▶ DATA TO EXAMINE:
# # # # # # #

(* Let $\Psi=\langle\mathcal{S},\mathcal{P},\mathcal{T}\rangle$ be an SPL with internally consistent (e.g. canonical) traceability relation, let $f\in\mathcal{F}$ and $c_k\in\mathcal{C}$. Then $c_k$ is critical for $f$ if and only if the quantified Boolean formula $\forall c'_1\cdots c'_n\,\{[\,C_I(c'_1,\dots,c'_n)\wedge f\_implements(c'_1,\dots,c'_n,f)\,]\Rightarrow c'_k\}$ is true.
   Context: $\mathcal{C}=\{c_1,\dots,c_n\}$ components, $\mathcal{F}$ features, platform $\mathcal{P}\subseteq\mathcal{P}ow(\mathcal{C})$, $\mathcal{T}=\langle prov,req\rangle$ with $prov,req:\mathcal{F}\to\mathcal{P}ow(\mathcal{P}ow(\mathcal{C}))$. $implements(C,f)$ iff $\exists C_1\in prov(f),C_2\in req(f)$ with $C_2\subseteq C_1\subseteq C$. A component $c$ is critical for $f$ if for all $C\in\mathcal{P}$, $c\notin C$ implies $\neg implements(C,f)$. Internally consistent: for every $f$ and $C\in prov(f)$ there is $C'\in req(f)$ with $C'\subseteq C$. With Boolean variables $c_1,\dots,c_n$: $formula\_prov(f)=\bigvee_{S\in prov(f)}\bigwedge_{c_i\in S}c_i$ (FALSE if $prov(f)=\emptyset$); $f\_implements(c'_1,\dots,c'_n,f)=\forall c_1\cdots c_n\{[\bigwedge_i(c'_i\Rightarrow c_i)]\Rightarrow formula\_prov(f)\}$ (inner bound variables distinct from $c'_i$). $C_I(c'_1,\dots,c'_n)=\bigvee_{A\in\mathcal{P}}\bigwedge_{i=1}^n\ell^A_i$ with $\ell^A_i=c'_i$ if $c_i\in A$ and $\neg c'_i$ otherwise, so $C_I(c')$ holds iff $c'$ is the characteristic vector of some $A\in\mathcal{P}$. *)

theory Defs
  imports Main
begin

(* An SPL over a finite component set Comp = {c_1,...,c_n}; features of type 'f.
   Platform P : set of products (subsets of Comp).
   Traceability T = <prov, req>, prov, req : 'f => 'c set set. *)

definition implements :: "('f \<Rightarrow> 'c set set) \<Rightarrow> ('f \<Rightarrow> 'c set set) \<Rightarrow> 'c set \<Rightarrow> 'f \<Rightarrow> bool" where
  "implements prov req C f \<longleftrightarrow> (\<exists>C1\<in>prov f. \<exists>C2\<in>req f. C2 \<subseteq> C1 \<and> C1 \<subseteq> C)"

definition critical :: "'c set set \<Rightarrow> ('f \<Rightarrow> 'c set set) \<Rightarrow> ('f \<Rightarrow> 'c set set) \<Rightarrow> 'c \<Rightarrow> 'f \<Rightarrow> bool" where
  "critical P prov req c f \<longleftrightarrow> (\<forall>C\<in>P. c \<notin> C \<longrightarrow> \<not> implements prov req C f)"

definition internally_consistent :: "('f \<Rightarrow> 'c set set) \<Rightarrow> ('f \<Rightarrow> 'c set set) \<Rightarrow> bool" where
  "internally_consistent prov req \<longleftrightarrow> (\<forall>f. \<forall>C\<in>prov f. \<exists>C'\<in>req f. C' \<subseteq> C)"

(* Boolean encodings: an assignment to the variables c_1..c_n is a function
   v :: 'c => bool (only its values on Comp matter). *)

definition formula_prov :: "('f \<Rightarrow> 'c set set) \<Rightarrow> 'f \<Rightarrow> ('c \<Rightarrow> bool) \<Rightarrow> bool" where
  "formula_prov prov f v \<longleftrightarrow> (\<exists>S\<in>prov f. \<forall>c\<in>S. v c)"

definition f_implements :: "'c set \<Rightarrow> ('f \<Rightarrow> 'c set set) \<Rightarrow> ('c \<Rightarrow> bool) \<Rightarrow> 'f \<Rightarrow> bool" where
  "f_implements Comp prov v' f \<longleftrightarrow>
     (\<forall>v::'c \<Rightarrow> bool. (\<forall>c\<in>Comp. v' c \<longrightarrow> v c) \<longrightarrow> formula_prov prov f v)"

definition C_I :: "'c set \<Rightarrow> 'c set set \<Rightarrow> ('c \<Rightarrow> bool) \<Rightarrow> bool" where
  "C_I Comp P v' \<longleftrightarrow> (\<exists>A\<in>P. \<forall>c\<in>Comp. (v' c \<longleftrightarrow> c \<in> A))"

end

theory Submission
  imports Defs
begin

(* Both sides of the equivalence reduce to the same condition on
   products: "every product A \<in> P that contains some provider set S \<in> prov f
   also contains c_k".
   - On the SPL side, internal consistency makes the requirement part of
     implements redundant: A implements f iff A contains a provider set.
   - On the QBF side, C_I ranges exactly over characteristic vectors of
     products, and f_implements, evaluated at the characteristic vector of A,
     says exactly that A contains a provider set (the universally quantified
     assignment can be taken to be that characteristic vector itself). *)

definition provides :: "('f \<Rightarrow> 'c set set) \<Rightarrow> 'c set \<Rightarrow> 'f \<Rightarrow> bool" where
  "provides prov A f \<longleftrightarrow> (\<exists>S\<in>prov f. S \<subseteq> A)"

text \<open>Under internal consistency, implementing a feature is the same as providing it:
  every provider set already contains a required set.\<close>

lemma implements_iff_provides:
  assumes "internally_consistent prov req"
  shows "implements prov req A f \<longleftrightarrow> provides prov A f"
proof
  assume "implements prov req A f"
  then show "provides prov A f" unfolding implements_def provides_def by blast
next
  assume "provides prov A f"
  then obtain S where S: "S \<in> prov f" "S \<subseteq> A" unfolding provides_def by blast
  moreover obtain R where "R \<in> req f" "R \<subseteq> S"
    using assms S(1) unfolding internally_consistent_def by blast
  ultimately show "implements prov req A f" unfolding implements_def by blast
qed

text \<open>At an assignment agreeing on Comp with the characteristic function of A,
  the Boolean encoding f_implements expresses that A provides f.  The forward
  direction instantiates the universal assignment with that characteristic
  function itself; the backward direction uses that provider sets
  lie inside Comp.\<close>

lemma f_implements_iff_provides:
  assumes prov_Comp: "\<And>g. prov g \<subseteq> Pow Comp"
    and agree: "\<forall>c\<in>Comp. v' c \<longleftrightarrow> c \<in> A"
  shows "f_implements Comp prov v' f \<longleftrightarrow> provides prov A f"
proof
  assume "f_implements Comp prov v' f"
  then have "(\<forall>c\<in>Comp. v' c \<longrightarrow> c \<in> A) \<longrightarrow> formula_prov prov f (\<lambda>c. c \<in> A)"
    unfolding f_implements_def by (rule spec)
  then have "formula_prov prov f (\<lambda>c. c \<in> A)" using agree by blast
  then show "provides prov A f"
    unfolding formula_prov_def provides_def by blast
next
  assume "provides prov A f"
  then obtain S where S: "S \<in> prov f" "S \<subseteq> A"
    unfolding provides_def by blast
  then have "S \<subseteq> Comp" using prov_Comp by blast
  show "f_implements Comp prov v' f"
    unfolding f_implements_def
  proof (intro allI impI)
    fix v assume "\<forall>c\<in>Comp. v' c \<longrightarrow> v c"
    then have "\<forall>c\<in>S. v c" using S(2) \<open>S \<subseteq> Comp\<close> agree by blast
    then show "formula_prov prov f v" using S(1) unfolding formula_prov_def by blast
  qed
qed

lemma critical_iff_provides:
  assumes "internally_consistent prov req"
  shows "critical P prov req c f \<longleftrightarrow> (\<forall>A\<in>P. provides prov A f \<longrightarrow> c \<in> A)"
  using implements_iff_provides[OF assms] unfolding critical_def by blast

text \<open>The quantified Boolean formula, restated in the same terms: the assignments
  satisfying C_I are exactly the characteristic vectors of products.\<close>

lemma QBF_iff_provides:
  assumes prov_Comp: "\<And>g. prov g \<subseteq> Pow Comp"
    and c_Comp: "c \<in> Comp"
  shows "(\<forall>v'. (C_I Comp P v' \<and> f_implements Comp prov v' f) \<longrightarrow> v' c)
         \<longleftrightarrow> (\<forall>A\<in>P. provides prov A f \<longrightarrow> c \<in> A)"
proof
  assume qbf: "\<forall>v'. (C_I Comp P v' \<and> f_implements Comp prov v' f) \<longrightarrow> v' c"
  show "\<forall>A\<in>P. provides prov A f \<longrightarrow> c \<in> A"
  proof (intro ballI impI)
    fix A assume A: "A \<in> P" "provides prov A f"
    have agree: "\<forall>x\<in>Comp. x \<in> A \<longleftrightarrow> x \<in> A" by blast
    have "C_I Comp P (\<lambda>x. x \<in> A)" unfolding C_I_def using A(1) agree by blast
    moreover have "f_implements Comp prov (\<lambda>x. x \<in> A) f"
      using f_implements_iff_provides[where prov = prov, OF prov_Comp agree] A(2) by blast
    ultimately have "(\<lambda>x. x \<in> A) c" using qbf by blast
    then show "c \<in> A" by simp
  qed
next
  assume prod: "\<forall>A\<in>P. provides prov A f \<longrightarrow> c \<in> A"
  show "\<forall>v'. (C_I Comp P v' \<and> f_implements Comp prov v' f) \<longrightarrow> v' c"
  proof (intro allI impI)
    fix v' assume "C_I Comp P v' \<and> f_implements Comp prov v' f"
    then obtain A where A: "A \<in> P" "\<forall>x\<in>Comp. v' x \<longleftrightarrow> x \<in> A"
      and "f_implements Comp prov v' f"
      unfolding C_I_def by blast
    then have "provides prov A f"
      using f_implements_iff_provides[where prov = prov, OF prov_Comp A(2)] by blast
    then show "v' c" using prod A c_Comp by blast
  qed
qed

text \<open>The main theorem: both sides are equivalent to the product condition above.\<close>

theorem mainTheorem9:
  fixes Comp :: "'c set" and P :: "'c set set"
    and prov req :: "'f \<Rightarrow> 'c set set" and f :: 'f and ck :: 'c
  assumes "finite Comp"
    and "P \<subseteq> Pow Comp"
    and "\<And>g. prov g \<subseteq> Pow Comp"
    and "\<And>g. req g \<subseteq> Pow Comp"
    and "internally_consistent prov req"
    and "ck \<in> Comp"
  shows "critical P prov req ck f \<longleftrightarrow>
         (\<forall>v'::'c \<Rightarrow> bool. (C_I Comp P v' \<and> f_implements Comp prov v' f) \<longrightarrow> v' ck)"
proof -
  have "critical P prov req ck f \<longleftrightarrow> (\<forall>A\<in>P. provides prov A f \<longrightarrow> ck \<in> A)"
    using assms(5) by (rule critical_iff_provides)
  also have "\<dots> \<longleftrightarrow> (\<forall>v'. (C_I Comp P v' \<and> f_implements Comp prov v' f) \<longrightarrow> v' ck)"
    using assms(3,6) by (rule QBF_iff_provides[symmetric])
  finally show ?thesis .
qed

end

# # # # # # #

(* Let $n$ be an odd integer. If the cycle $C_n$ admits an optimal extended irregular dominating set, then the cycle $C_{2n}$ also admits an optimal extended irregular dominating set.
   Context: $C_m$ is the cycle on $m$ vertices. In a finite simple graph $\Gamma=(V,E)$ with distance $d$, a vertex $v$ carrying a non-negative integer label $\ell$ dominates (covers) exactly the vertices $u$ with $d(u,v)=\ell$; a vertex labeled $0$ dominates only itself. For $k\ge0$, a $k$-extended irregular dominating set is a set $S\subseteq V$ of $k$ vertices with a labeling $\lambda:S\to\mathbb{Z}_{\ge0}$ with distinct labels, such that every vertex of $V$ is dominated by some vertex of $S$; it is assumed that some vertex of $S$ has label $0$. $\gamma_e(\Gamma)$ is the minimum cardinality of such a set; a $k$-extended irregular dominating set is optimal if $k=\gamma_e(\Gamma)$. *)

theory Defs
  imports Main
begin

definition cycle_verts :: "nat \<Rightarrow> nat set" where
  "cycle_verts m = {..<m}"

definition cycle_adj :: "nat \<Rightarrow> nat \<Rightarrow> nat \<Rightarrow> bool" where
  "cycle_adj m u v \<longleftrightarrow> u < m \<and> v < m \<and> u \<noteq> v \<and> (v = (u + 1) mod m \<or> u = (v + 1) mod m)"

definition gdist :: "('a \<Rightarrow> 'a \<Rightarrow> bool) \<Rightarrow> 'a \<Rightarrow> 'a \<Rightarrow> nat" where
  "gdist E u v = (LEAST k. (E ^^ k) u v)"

# # # # # # #

▶ YOUR OBJECTIVE:
Each line above that holds the string "products" should be copied and shown.

▶ EXERCISE OUTPUT:
   Platform P : set of products (subsets of Comp).
   products: "every product A \<in> P that contains some provider set S \<in> prov f
     products, and f_implements, evaluated at the characteristic vector of A,
  satisfying C_I are exactly the characteristic vectors of products.\<close>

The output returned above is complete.